Observation: short input, reasonable continuation. This is the book's 10M model working for real.


5. Sampling Parameters

Three parameters control the character of the output:

Parameter Effect Recommended (fairytales)
temperature flattens the distribution 0.7–0.9
top_p cumulative probability cutoff 0.9
top_k candidate count cutoff 50
repeat_penalty penalty for repeated tokens 1.1–1.2

Fairytales vs chatbots vs code

Domain temp top_p repeat
Fairytales (creative) 0.9 0.95 1.1
Chatbot (balanced) 0.7 0.9 1.05
Code (accurate) 0.2 0.95 1.0
Translation 0.0 (greedy) - -

Since this model was trained on fairytales, 0.9 / 0.95 is the right starting point.

Two extremes compared

sampling_compare.py
1
2
3
4
5
6
prompt = "Lily found a magic"
for temp in [0.1, 0.7, 1.5]:
    for _ in range(3):
        out = llm(prompt, max_tokens=30, temperature=temp, top_p=0.9)
        print(f"  T={temp}: {prompt}{out['choices'][0]['text'][:60]}")
    print()

Expected output:

T=0.1: Lily found a magic flower in the garden. She was very happy...
T=0.1: Lily found a magic flower in the garden. She was very happy...   <-- nearly identical
T=0.1: Lily found a magic flower in the garden. She was very happy...

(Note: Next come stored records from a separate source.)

(* For every polyhedron $P\subseteq\mathbb R^n$ (nonempty), the Riesz space $\mathcal R(P)$ is strongly semisimple, and $P$ has no outgoing tangent.
   Context: A polyhedron is a finite union of simplexes in $\mathbb R^n$. For $y\in\mathbb R^n$ and a linear subspace $L$, $\mathsf{proj}_L(y)$ is the orthogonal projection. Frenet frame of a sequence $\{x_i\}$ converging to $x$: $u_1$ is its Frenet $1$-frame if $x_i\ne x$ for all $i$ and $u_1=\lim_i (x_i-x)/\|x_i-x\|$; a $k$-tuple $(u_1,\ldots,u_k)$ of pairwise orthogonal unit vectors is its Frenet $k$-frame if $(u_1,\ldots,u_{k-1})$ is its Frenet $(k-1)$-frame and $u_k=\lim_i\frac{x_i-x-\mathsf{proj}_{\mathbb Ru_1+\cdots+\mathbb Ru_{k-1}}(x_i-x)}{\|x_i-x-\mathsf{proj}_{\mathbb Ru_1+\cdots+\mathbb Ru_{k-1}}(x_i-x)\|}$ (nonzero denominators). Tangent: $u=(u_1,\ldots,u_k)$ is a tangent of $X$ at $x$ if $X$ contains a sequence converging to $x$ whose Frenet $k$-frame is $u$; it is outgoing if there are $\lambda_1,\ldots,\lambda_k>0$ with $C\cap X=C'\cap X$, where $C=\operatorname{conv}(x,x+\lambda_1u_1,\ldots,x+\lambda_1u_1+\cdots+\lambda_ku_k)$ and $C'=\operatorname{conv}(x,x+\lambda_1u_1,\ldots,x+\lambda_1u_1+\cdots+\lambda_{k-1}u_{k-1})$. $\mathcal R(X)$: restrictions to $X$ of functions on a closed $n$-cube $K\supseteq X$ that are continuous and affine linear on each simplex of some triangulation of $K$; a Riesz space under pointwise operations. Principal ideal generated by $g$: $\{f:|f|\le m|g|\text{ for some }m\in\mathbb N\}$. Strongly semisimple: every principal ideal is an intersection of maximal ideals. *)

theory Defs
  imports "HOL-Analysis.Analysis"
begin

definition simplicial_polyhedron :: "'a::euclidean_space set \<Rightarrow> bool" where
  "simplicial_polyhedron P \<longleftrightarrow>
     (\<exists>\<F>. finite \<F> \<and> (\<forall>S\<in>\<F>. \<exists>k. k simplex S) \<and> P = \<Union>\<F>)"

definition closed_cube :: "'a::euclidean_space set \<Rightarrow> bool" where
  "closed_cube K \<longleftrightarrow> (\<exists>a r. r > 0 \<and> K = cbox a (a + r *\<^sub>R One))"

definition pl_on :: "'a::euclidean_space set \<Rightarrow> ('a \<Rightarrow> real) \<Rightarrow> bool" where
  "pl_on K f \<longleftrightarrow> continuous_on K f \<and>
     (\<exists>\<T>. triangulation \<T> \<and> \<Union>\<T> = K \<and>
        (\<forall>T\<in>\<T>. \<exists>w c. \<forall>y\<in>T. f y = w \<bullet> y + c))"

text \<open>R(X): restrictions to X (represented as functions vanishing off X).\<close>
definition RX :: "'a::euclidean_space set \<Rightarrow> ('a \<Rightarrow> real) set" where
  "RX X = {g. \<exists>K f. closed_cube K \<and> X \<subseteq> K \<and> pl_on K f \<and>
                   g = (\<lambda>y. if y \<in> X then f y else 0)}"

definition riesz_ideal :: "('a \<Rightarrow> real) set \<Rightarrow> ('a \<Rightarrow> real) set \<Rightarrow> bool" where
  "riesz_ideal R I \<longleftrightarrow> I \<subseteq> R \<and> (\<lambda>y. 0) \<in> I \<and>
     (\<forall>f\<in>I. \<forall>g\<in>I. (\<lambda>y. f y + g y) \<in> I) \<and>
     (\<forall>c::real. \<forall>f\<in>I. (\<lambda>y. c * f y) \<in> I) \<and>
     (\<forall>f\<in>R. \<forall>g\<in>I. (\<forall>y. \<bar>f y\<bar> \<le> \<bar>g y\<bar>) \<longrightarrow> f \<in> I)"

definition maximal_riesz_ideal :: "('a \<Rightarrow> real) set \<Rightarrow> ('a \<Rightarrow> real) set \<Rightarrow> bool" where
  "maximal_riesz_ideal R I \<longleftrightarrow> riesz_ideal R I \<and> I \<noteq> R \<and>
     (\<forall>J. riesz_ideal R J \<and> I \<subseteq> J \<and> J \<noteq> R \<longrightarrow> J = I)"

definition principal_ideal :: "('a \<Rightarrow> real) set \<Rightarrow> ('a \<Rightarrow> real) \<Rightarrow> ('a \<Rightarrow> real) set" where
  "principal_ideal R g = {f\<in>R. \<exists>m::nat. \<forall>y. \<bar>f y\<bar> \<le> real m * \<bar>g y\<bar>}"

definition strongly_semisimple :: "('a \<Rightarrow> real) set \<Rightarrow> bool" where
  "strongly_semisimple R \<longleftrightarrow>
     (\<forall>g\<in>R. \<exists>\<M>. (\<forall>I\<in>\<M>. maximal_riesz_ideal R I) \<and> principal_ideal R g = R \<inter> \<Inter>\<M>)"

definition proj_prefix :: "'a::euclidean_space list \<Rightarrow> nat \<Rightarrow> 'a \<Rightarrow> 'a" where
  "proj_prefix us k v = (\<Sum>j<k. (v \<bullet> us ! j) *\<^sub>R us ! j)"

text \<open>us = (u_1,...,u_k), k = length us \<ge> 1, is the Frenet k-frame of xs converging to x.
  (Unfolding of the recursive definition; k-th step uses the projection on the span
   of the preceding, orthonormal, vectors.)\<close>
definition frenet_frame :: "(nat \<Rightarrow> 'a::euclidean_space) \<Rightarrow> 'a \<Rightarrow> 'a list \<Rightarrow> bool" where
  "frenet_frame xs x us \<longleftrightarrow> us \<noteq> [] \<and> xs \<longlonglongrightarrow> x \<and>
     (\<forall>i<length us. \<forall>j<length us. us ! i \<bullet> us ! j = (if i = j then 1 else 0)) \<and>
     (\<forall>k<length us.
        (\<forall>i. xs i - x - proj_prefix us k (xs i - x) \<noteq> 0) \<and>
        (\<lambda>i. (1 / norm (xs i - x - proj_prefix us k (xs i - x))) *\<^sub>R
               (xs i - x - proj_prefix us k (xs i - x))) \<longlonglongrightarrow> us ! k)"

definition tangent :: "'a::euclidean_space set \<Rightarrow> 'a \<Rightarrow> 'a list \<Rightarrow> bool" where
  "tangent X x us \<longleftrightarrow> (\<exists>xs. (\<forall>i. xs i \<in> X) \<and> frenet_frame xs x us)"

definition frame_vertex :: "'a::euclidean_space \<Rightarrow> (nat \<Rightarrow> real) \<Rightarrow> 'a list \<Rightarrow> nat \<Rightarrow> 'a" where
  "frame_vertex x l us j = x + (\<Sum>i<j. l i *\<^sub>R us ! i)"

definition outgoing_tangent :: "'a::euclidean_space set \<Rightarrow> 'a \<Rightarrow> 'a list \<Rightarrow> bool" where
  "outgoing_tangent X x us \<longleftrightarrow> tangent X x us \<and>
     (\<exists>l. (\<forall>i<length us. l i > 0) \<and>
        (convex hull (frame_vertex x l us ` {..length us})) \<inter> X =
        (convex hull (frame_vertex x l us ` {..<length us})) \<inter> X)"

end

theory Submission
  imports Defs
begin

text \<open>
  Every point x of P gives a maximal ideal of R(P), the functions vanishing at x, and the
  principal ideal of g is the intersection of these ideals over the zeros of g in P.  Indeed,
  cut P into finitely many polytopes on which f and g are both affine; on the part of such a
  polytope where g \<ge> 0, a function f vanishing wherever g does satisfies |f| \<le> M g with M
  read off at the vertices, and likewise where g \<le> 0.  Closure of R(P) under addition needs PL
  functions given on two different cubes to be extended to a common larger cube: composing
  with the clamp map onto the smaller cube does this, because clamp is affine on each box of
  a 3^n grid.

  For the tangents: infinitely many terms of the sequence lie in one simplex S of P, which
  therefore contains x.  For every facet inequality a \<bullet> y \<le> b of S that is tight at x, the
  first nonzero number among a \<bullet> u_1, ..., a \<bullet> u_k, if any, is negative.  Hence the point
  x + e (v_1 - x) + ... + e^k (v_k - x), where x, v_1, ..., v_k are the vertices of C, lies in S
  for small e > 0.  It lies in C, but not in the hyperplane through x orthogonal to u_k, which contains C'.
\<close>

lemma pl_onI_cell_complex:
  fixes f :: "'a::euclidean_space \<Rightarrow> real"
  assumes "continuous_on K f" "finite \<M>"
    and "\<And>C. C \<in> \<M> \<Longrightarrow> polytope C"
    and "\<And>C1 C2. \<lbrakk>C1 \<in> \<M>; C2 \<in> \<M>\<rbrakk> \<Longrightarrow> C1 \<inter> C2 face_of C1"
    and "\<Union>\<M> = K"
    and affine: "\<And>C. C \<in> \<M> \<Longrightarrow> \<exists>w c. \<forall>y\<in>C. f y = w \<bullet> y + c"
  shows "pl_on K f"
proof -
  obtain \<T> where \<T>: "simplicial_complex \<T>" "\<Union>\<T> = \<Union>\<M>" "\<And>T. T \<in> \<T> \<Longrightarrow> \<exists>C\<in>\<M>. T \<subseteq> C"
    using simplicial_subdivision_of_cell_complex[OF assms(2-4)] by metis
  have "triangulation \<T>"
    using \<T>(1) by (auto simp: simplicial_complex_def triangulation_def)
  moreover have "\<exists>w c. \<forall>y\<in>T. f y = w \<bullet> y + c" if "T \<in> \<T>" for T
    using \<T>(3)[OF that] affine by (meson subsetD)
  ultimately show ?thesis
    unfolding pl_on_def using assms(1,5) \<T>(2) by blast
qed

lemma pl_on_const:
  fixes K :: "'a::euclidean_space set"
  assumes "polytope K"
  shows "pl_on K (\<lambda>y. c)"
proof (rule pl_onI_cell_complex[where \<M>="{K}"])
  show "\<exists>w d. \<forall>y\<in>C. c = w \<bullet> y + d" for C :: "'a set"
    by (rule exI[of _ 0]) auto
qed (auto simp: assms face_of_refl polytope_imp_convex)

lemma pl_on_cmult:
  assumes "pl_on K f"
  shows "pl_on K (\<lambda>y. c * f y)"
proof -
  obtain \<T> where \<T>: "triangulation \<T>" "\<Union>\<T> = K" "\<forall>T\<in>\<T>. \<exists>w d. \<forall>y\<in>T. f y = w \<bullet> y + d"
    and cont: "continuous_on K f"
    using assms unfolding pl_on_def by blast
  show ?thesis
    unfolding pl_on_def
  proof (intro conjI exI[of _ \<T>])
    show "continuous_on K (\<lambda>y. c * f y)"
      by (intro continuous_intros cont)
    show "\<forall>T\<in>\<T>. \<exists>w d. \<forall>y\<in>T. c * f y = w \<bullet> y + d"
    proof
      fix T assume "T \<in> \<T>"
      then obtain w d where "\<forall>y\<in>T. f y = w \<bullet> y + d" using \<T>(3) by blast
      then have "\<forall>y\<in>T. c * f y = (c *\<^sub>R w) \<bullet> y + c * d" by (simp add: algebra_simps)
      then show "\<exists>w d. \<forall>y\<in>T. c * f y = w \<bullet> y + d" by blast
    qed
  qed (use \<T> in auto)
qed

lemma cell_complex_Int_triangulations:
  assumes "triangulation \<T>1" "triangulation \<T>2"
  defines "\<M> \<equiv> (\<lambda>(A, B). A \<inter> B) ` (\<T>1 \<times> \<T>2)"
  shows "finite \<M>" "\<And>C. C \<in> \<M> \<Longrightarrow> polytope C"
    "\<And>C1 C2. \<lbrakk>C1 \<in> \<M>; C2 \<in> \<M>\<rbrakk> \<Longrightarrow> C1 \<inter> C2 face_of C1"
proof -
  show "finite \<M>"
    using assms(1,2) by (auto simp: \<M>_def triangulation_def)
  show "polytope C" if C: "C \<in> \<M>" for C
  proof -
    obtain A B where "A \<in> \<T>1" "B \<in> \<T>2" "C = A \<inter> B" using C by (auto simp: \<M>_def)
    then show ?thesis
      using assms(1,2) unfolding triangulation_def by (metis polytope_Int simplex_imp_polytope)
  qed
  show "C1 \<inter> C2 face_of C1" if C12: "C1 \<in> \<M>" "C2 \<in> \<M>" for C1 C2
  proof -
    obtain A B A' B' where AB: "A \<in> \<T>1" "B \<in> \<T>2" "A' \<in> \<T>1" "B' \<in> \<T>2"
      and C: "C1 = A \<inter> B" "C2 = A' \<inter> B'"
      using C12 by (auto simp: \<M>_def)
    have "(A \<inter> A') \<inter> (B \<inter> B') face_of A \<inter> B"
      using AB assms(1,2) by (intro face_of_Int_Int) (auto simp: triangulation_def)
    moreover have "(A \<inter> A') \<inter> (B \<inter> B') = C1 \<inter> C2"
      using C by blast
    ultimately show ?thesis
      using C by simp
  qed
qed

T=0.7: Lily found a magic stone by the river. It glowed in the sun...
T=0.7: Lily found a magic toy under her bed. She picked it up gently...
T=0.7: Lily found a magic feather. She blew on it and it flew away...

T=1.5: Lily found a magic boots? jumping cloud what fun bird sky...   <-- incoherent
T=1.5: Lily found a magic skip slide tree happy purple monkey...
T=1.5: Lily found a magic the very loud green dance run ate...

0.7–0.9 is the sweet spot. 0.1 repeats, 1.5 falls apart.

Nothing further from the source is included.